Every line from the one holding "(* Let H be" through the final line of the entries is to be reproduced exactly, and no other line.
--- Stored data Enclosed Below ---
(* Let $\alpha\in(0,1]$, let $C\subset\mathbb{R}^2$ be an $\alpha$-fat convex body and $S\subset\mathbb{R}^2$ a finite point set. Suppose that $abc$ and $cda$ are two adjacent bounded (triangular) faces of the embedded graph $D_C(S)$, sharing the edge $ac$. Then $\angle abc+\angle cda\le 360^\circ-2\arcsin\alpha$.
   Context: A convex body is a convex compact set with nonempty interior; a homothet of $C$ is $\lambda C+x$ with $\lambda>0$. $C$ is $\alpha$-fat if $B(x,\alpha r)\subseteq C\subseteq B(x,r)$ for some $x$ and $r>0$. The Delaunay graph $D_C(S)$ is the graph with vertex set $S$ in which $p,q$ are adjacent iff some homothet of $C$ contains $p$ and $q$ and no other point of $S$, drawn in the plane with straight-line edges. *)

theory Defs
  imports "HOL-Analysis.Analysis"
begin

type_synonym pt = "real ^ 2"

definition convex_body :: "pt set \<Rightarrow> bool" where
  "convex_body C \<longleftrightarrow> convex C \<and> compact C \<and> interior C \<noteq> {}"

definition fat :: "real \<Rightarrow> pt set \<Rightarrow> bool" where
  "fat \<alpha> C \<longleftrightarrow> (\<exists>x r. r > 0 \<and> cball x (\<alpha> * r) \<subseteq> C \<and> C \<subseteq> cball x r)"

definition homothet :: "pt set \<Rightarrow> real \<Rightarrow> pt \<Rightarrow> pt set" where
  "homothet C l t = (\<lambda>y. l *\<^sub>R y + t) ` C"

definition delaunay_edge :: "pt set \<Rightarrow> pt set \<Rightarrow> pt \<Rightarrow> pt \<Rightarrow> bool" where
  "delaunay_edge C S p q \<longleftrightarrow> p \<in> S \<and> q \<in> S \<and> p \<noteq> q \<and>
     (\<exists>l t. l > 0 \<and> p \<in> homothet C l t \<and> q \<in> homothet C l t \<and>
            homothet C l t \<inter> S \<subseteq> {p, q})"

definition delaunay_drawing :: "pt set \<Rightarrow> pt set \<Rightarrow> pt set" where
  "delaunay_drawing C S = S \<union> \<Union>{closed_segment p q | p q. delaunay_edge C S p q}"

definition triangular_face :: "pt set \<Rightarrow> pt set \<Rightarrow> pt \<Rightarrow> pt \<Rightarrow> pt \<Rightarrow> bool" where
  "triangular_face C S a b c \<longleftrightarrow>
     delaunay_edge C S a b \<and> delaunay_edge C S b c \<and> delaunay_edge C S c a \<and>
     \<not> collinear {a, b, c} \<and>
     interior (convex hull {a, b, c}) \<in> components (- delaunay_drawing C S)"

definition angle :: "pt \<Rightarrow> pt \<Rightarrow> pt \<Rightarrow> real" where
  "angle a b c = arccos (((a - b) \<bullet> (c - b)) / (norm (a - b) * norm (c - b)))"

end

theory Submission
  imports Defs
begin

(* Let H be a homothet of C through a and c containing no other point of S. Since abc and cda
   are distinct faces, b and d lie outside H on opposite sides of the line ac. H contains a ball
   B(x, alpha r) and lies in B(x, r); by symmetry x is at least as close to c as to a.
   A line separating b from H also separates b from a, c and the ball, which forces b outside
   the disc through a and c that touches, at a, the tangent from a to the ball on b's side. By
   the inscribed angle theorem, angle abc is then at most pi minus the angle theta between ac and
   that tangent. Writing theta = gamma + phi, where gamma = arcsin (alpha r / |x - a|) is half the
   angle under which a sees the ball and phi the signed angle from ac to ax, the two signs of phi
   for b and d cancel in the sum, leaving 2 pi - 2 gamma <= 2 pi - 2 arcsin alpha. *)

definition cross2 :: "pt \<Rightarrow> pt \<Rightarrow> real" where
  "cross2 u v = u$1 * v$2 - u$2 * v$1"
--- End of Enclosed Stored data ---
## Answer to this problem
(* Let H be a homothet of C through a and c containing no other point of S. Since abc and cda
   are distinct faces, b and d lie outside H on opposite sides of the line ac. H contains a ball
   B(x, alpha r) and lies in B(x, r); by symmetry x is at least as close to c as to a.
   A line separating b from H also separates b from a, c and the ball, which forces b outside
   the disc through a and c that touches, at a, the tangent from a to the ball on b's side. By
   the inscribed angle theorem, angle abc is then at most pi minus the angle theta between ac and
   that tangent. Writing theta = gamma + phi, where gamma = arcsin (alpha r / |x - a|) is half the
   angle under which a sees the ball and phi the signed angle from ac to ax, the two signs of phi
   for b and d cancel in the sum, leaving 2 pi - 2 gamma <= 2 pi - 2 arcsin alpha. *)

definition cross2 :: "pt \<Rightarrow> pt \<Rightarrow> real" where
  "cross2 u v = u$1 * v$2 - u$2 * v$1"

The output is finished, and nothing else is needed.